Analytics are all the rage in Workers’ Comp—finally. It’s been a long time in coming to this industry, but people are making serious moves to embrace and implement the concept. Analytics is the only untried option remaining that has the potential to control costs and create efficiencies in the industry. Intelligently crafted and applied in operations, analytics will recharge managed care programs, making them more efficient and effective, thereby measurably controlling medical costs.
Analytics (a fancy term for data analysis) fall into two basic categories: Descriptive Analytics and Predictive Analytics. Descriptive analytics are “the what”—what happened in the past described through reports, queries, and data drill downs to gain deep understanding of claim processes and participants. Descriptive analytics identify critical business issues, trends, and cost drivers. The approach is essential to understanding relationships, the business process, and provides the platform for asking the right business questions. Moreover, descriptive analytics are crucial to decision support and are the foundation for determining the right focus going forward.
Predictive Analytics, on the other hand, are used for forecasting, advanced reporting, and optimizing algorithms. Advanced mathematical and actuarial analyses are used to predict the future based on the past. If X is true, what is the probability Y will occur? Or when Y occurs, what are the factors that could have predicted it?
Using predictive analytics to more accurately estimate the cost of a claim, thereby setting accurate reserves, is one example of how predictive analytics takes an organization to a higher level of effectiveness. Intelligent use of predictive analytics can yield greater measureable cost savings and competitive advantage for an organization.

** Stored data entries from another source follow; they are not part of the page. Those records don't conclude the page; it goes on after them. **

lemma (in Metric_space) locally_path_connected_space_if_locally_almost_arcwise_connected:
  assumes "mcomplete" "locally_almost_arcwise_connected mtopology"
  shows "locally_path_connected_space mtopology"
proof -
  obtain \<delta> where \<delta>: "\<And>c e. c \<in> M \<Longrightarrow> e > 0 \<Longrightarrow> \<delta> c e > 0 \<and> \<delta> c e \<le> e \<and>
      (\<forall>A B. openin mtopology A \<and> A \<noteq> {} \<and> A \<subseteq> mball c (\<delta> c e) \<and>
        openin mtopology B \<and> B \<noteq> {} \<and> B \<subseteq> mball c (\<delta> c e) \<longrightarrow> joined_by_arc_in mtopology (mball c e) A B)"
    using locally_almost_arcwise_connected_mball[OF assms(2)] by metis
  interpret joining_radius M d \<delta>
    by unfold_locales (use \<delta> in blast)+
  show ?thesis
    unfolding locally_path_connected_space_im_kleinen
  proof (intro allI impI)
    fix V x assume "openin mtopology V \<and> x \<in> V"
    then obtain \<epsilon> where "\<epsilon> > 0" "mball x \<epsilon> \<subseteq> V" and x: "x \<in> M"
      unfolding openin_mtopology by blast
    then obtain \<rho> where "\<rho> > 0" and short:
        "\<forall>y\<in>mball x \<rho>. \<exists>g. pathin mtopology g \<and> g 0 = x \<and> g 1 = y \<and> g ` {0..1} \<subseteq> mball x \<epsilon>"
      using short_paths_from_centre[OF assms(1)] by blast
    have "\<exists>C. path_connectedin mtopology C \<and> C \<subseteq> V \<and> x \<in> C \<and> y \<in> C" if "y \<in> mball x (min \<rho> \<epsilon>)" for y
    proof -
      have "y \<in> mball x \<rho>" using that by simp
      then obtain g where g: "pathin mtopology g" "g 0 = x" "g 1 = y" "g ` {0..1} \<subseteq> mball x \<epsilon>"
        using short by blast
      then have "x \<in> g ` {0..1}" "y \<in> g ` {0..1}"
        by (metis atLeastAtMost_iff image_eqI order_refl zero_le_one)+
      then show ?thesis
        using g \<open>mball x \<epsilon> \<subseteq> V\<close> path_connectedin_path_image by blast
    qed
    then show "\<exists>U. openin mtopology U \<and> x \<in> U \<and> U \<subseteq> V \<and>
        (\<forall>y\<in>U. \<exists>C. path_connectedin mtopology C \<and> C \<subseteq> V \<and> x \<in> C \<and> y \<in> C)"
      using x \<open>\<rho> > 0\<close> \<open>\<epsilon> > 0\<close> \<open>mball x \<epsilon> \<subseteq> V\<close>
      by (intro exI[of _ "mball x (min \<rho> \<epsilon>)"]) auto
  qed
qed

lemma path_connected_space_if_almost_arcwise_connected:
  assumes "locally_path_connected_space X" "almost_arcwise_connected X"
  shows "path_connected_space X"
  unfolding path_connected_space_iff_path_component
proof (intro ballI)
  fix x y assume "x \<in> topspace X" "y \<in> topspace X"
  then have "x \<in> Collect (path_component_of X x)" "y \<in> Collect (path_component_of X y)"
    by (simp_all add: path_component_of_refl)
  moreover have "openin X (Collect (path_component_of X z))" for z
    using openin_path_component_of_locally_path_connected_space[OF assms(1)] by simp
  ultimately
  obtain g where "pathin X g" "path_component_of X x (g 0)" "path_component_of X y (g 1)"
    using assms(2) unfolding almost_arcwise_connected_def joined_by_arc_in_def by blast
  then show "path_component_of X x y"
    by (meson path_component_of_def path_component_of_sym path_component_of_trans)
qed

theorem mainTheorem13:
  fixes X :: "'a topology"
  assumes "completely_metrizable_space X"
    and "almost_arcwise_connected X"
    and "locally_almost_arcwise_connected X"
  shows "path_connected_space X \<and> locally_path_connected_space X"
proof -
  obtain M d where "Metric_space M d" "Metric_space.mcomplete M d" "X = Metric_space.mtopology M d"
    using assms(1) unfolding completely_metrizable_space_def by blast
  then have "locally_path_connected_space X"
    using Metric_space.locally_path_connected_space_if_locally_almost_arcwise_connected assms(3) by blast
  then show ?thesis
    using path_connected_space_if_almost_arcwise_connected assms(2) by blast
qed

end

Both analytics approaches are important to optimizing the effects of claim and medical management, along with cost control. Still, there are challenging hurdles that must be overcome to effectively implement analytics in the Workers’ Comp industry. The challenges relate to how people perceive sufficient application of the process.
Crimes against analytics in Workers’ Comp relate to how the data is selected and applied. The Workers’ Comp industry has truckloads of data—quantity of data is not the problem. The trouble for analytics in Workers’ Comp is data collection, integration and, too often, narrow understanding of what type of data should be tapped for analytics.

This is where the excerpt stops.